Exercise aim:
The records that follow must all be duplicated exactly.

Entries shown section start

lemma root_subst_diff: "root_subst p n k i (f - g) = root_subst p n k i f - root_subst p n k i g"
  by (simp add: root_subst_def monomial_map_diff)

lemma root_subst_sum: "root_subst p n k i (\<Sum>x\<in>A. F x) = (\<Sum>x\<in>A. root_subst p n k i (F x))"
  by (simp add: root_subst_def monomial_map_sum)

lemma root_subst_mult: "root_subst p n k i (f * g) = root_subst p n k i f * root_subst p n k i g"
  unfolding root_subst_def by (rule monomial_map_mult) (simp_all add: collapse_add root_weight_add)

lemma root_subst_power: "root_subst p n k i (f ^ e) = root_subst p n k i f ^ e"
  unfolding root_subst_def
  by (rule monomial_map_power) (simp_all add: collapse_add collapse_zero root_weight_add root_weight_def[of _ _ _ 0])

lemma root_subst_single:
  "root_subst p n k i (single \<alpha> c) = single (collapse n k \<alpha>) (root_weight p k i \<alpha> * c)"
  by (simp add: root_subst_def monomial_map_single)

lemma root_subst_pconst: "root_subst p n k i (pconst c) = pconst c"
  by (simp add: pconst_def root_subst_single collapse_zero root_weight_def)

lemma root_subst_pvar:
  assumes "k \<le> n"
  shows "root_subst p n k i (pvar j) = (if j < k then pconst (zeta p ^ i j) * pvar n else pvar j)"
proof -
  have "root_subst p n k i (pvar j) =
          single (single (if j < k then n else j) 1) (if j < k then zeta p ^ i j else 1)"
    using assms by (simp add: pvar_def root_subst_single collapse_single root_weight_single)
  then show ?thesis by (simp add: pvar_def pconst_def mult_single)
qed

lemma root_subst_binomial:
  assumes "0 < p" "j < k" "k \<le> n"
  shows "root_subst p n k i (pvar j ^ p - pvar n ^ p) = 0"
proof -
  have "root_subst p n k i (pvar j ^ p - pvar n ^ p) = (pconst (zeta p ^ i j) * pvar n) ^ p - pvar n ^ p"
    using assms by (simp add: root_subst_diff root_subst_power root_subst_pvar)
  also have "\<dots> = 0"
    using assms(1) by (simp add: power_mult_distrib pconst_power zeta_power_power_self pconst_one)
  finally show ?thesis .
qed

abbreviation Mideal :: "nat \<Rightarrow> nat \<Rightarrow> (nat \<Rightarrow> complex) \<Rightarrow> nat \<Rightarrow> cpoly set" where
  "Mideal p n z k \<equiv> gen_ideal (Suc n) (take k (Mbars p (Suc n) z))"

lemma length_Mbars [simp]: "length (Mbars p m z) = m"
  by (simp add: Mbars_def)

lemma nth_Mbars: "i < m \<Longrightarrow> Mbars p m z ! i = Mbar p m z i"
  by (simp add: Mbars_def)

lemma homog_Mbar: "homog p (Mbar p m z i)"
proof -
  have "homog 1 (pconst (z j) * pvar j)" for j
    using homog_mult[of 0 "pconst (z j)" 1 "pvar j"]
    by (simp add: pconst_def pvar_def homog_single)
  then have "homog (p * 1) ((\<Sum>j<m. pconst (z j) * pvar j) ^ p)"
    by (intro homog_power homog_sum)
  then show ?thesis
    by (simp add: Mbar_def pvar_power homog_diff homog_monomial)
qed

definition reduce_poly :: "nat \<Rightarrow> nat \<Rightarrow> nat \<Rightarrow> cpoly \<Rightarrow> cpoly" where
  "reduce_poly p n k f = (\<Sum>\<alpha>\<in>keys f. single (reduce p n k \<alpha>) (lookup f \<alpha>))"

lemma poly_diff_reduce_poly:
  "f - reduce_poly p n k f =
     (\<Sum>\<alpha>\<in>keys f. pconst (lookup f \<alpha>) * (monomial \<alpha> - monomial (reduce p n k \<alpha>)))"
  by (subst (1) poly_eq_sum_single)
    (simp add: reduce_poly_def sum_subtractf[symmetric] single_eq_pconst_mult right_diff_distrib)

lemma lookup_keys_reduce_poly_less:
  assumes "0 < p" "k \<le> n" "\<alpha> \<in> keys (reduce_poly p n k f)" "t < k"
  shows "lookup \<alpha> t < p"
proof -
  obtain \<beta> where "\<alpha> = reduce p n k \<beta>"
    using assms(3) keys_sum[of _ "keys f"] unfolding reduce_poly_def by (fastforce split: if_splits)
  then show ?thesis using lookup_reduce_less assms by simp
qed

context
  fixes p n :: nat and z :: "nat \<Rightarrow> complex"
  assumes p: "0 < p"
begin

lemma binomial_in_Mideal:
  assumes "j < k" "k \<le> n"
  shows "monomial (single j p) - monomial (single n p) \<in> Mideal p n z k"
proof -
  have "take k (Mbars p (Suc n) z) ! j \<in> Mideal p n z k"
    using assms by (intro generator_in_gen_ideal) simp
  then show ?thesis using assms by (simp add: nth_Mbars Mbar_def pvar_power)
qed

Entries shown section end

Result:
lemma root_subst_diff: "root_subst p n k i (f - g) = root_subst p n k i f - root_subst p n k i g"
  by (simp add: root_subst_def monomial_map_diff)

lemma root_subst_sum: "root_subst p n k i (\<Sum>x\<in>A. F x) = (\<Sum>x\<in>A. root_subst p n k i (F x))"
  by (simp add: root_subst_def monomial_map_sum)

lemma root_subst_mult: "root_subst p n k i (f * g) = root_subst p n k i f * root_subst p n k i g"
  unfolding root_subst_def by (rule monomial_map_mult) (simp_all add: collapse_add root_weight_add)

lemma root_subst_power: "root_subst p n k i (f ^ e) = root_subst p n k i f ^ e"
  unfolding root_subst_def
  by (rule monomial_map_power) (simp_all add: collapse_add collapse_zero root_weight_add root_weight_def[of _ _ _ 0])

lemma root_subst_single:
  "root_subst p n k i (single \<alpha> c) = single (collapse n k \<alpha>) (root_weight p k i \<alpha> * c)"
  by (simp add: root_subst_def monomial_map_single)

lemma root_subst_pconst: "root_subst p n k i (pconst c) = pconst c"
  by (simp add: pconst_def root_subst_single collapse_zero root_weight_def)

lemma root_subst_pvar:
  assumes "k \<le> n"
  shows "root_subst p n k i (pvar j) = (if j < k then pconst (zeta p ^ i j) * pvar n else pvar j)"
proof -
  have "root_subst p n k i (pvar j) =
          single (single (if j < k then n else j) 1) (if j < k then zeta p ^ i j else 1)"
    using assms by (simp add: pvar_def root_subst_single collapse_single root_weight_single)
  then show ?thesis by (simp add: pvar_def pconst_def mult_single)
qed

lemma root_subst_binomial:
  assumes "0 < p" "j < k" "k \<le> n"
  shows "root_subst p n k i (pvar j ^ p - pvar n ^ p) = 0"
proof -
  have "root_subst p n k i (pvar j ^ p - pvar n ^ p) = (pconst (zeta p ^ i j) * pvar n) ^ p - pvar n ^ p"
    using assms by (simp add: root_subst_diff root_subst_power root_subst_pvar)
  also have "\<dots> = 0"
    using assms(1) by (simp add: power_mult_distrib pconst_power zeta_power_power_self pconst_one)
  finally show ?thesis .
qed

abbreviation Mideal :: "nat \<Rightarrow> nat \<Rightarrow> (nat \<Rightarrow> complex) \<Rightarrow> nat \<Rightarrow> cpoly set" where
  "Mideal p n z k \<equiv> gen_ideal (Suc n) (take k (Mbars p (Suc n) z))"

lemma length_Mbars [simp]: "length (Mbars p m z) = m"
  by (simp add: Mbars_def)

lemma nth_Mbars: "i < m \<Longrightarrow> Mbars p m z ! i = Mbar p m z i"
  by (simp add: Mbars_def)

lemma homog_Mbar: "homog p (Mbar p m z i)"
proof -
  have "homog 1 (pconst (z j) * pvar j)" for j
    using homog_mult[of 0 "pconst (z j)" 1 "pvar j"]
    by (simp add: pconst_def pvar_def homog_single)
  then have "homog (p * 1) ((\<Sum>j<m. pconst (z j) * pvar j) ^ p)"
    by (intro homog_power homog_sum)
  then show ?thesis
    by (simp add: Mbar_def pvar_power homog_diff homog_monomial)
qed

definition reduce_poly :: "nat \<Rightarrow> nat \<Rightarrow> nat \<Rightarrow> cpoly \<Rightarrow> cpoly" where
  "reduce_poly p n k f = (\<Sum>\<alpha>\<in>keys f. single (reduce p n k \<alpha>) (lookup f \<alpha>))"

lemma poly_diff_reduce_poly:
  "f - reduce_poly p n k f =
     (\<Sum>\<alpha>\<in>keys f. pconst (lookup f \<alpha>) * (monomial \<alpha> - monomial (reduce p n k \<alpha>)))"
  by (subst (1) poly_eq_sum_single)
    (simp add: reduce_poly_def sum_subtractf[symmetric] single_eq_pconst_mult right_diff_distrib)

lemma lookup_keys_reduce_poly_less:
  assumes "0 < p" "k \<le> n" "\<alpha> \<in> keys (reduce_poly p n k f)" "t < k"
  shows "lookup \<alpha> t < p"
proof -
  obtain \<beta> where "\<alpha> = reduce p n k \<beta>"
    using assms(3) keys_sum[of _ "keys f"] unfolding reduce_poly_def by (fastforce split: if_splits)
  then show ?thesis using lookup_reduce_less assms by simp
qed

context
  fixes p n :: nat and z :: "nat \<Rightarrow> complex"
  assumes p: "0 < p"
begin

lemma binomial_in_Mideal:
  assumes "j < k" "k \<le> n"
  shows "monomial (single j p) - monomial (single n p) \<in> Mideal p n z k"
proof -
  have "take k (Mbars p (Suc n) z) ! j \<in> Mideal p n z k"
    using assms by (intro generator_in_gen_ideal) simp
  then show ?thesis using assms by (simp add: nth_Mbars Mbar_def pvar_power)
qed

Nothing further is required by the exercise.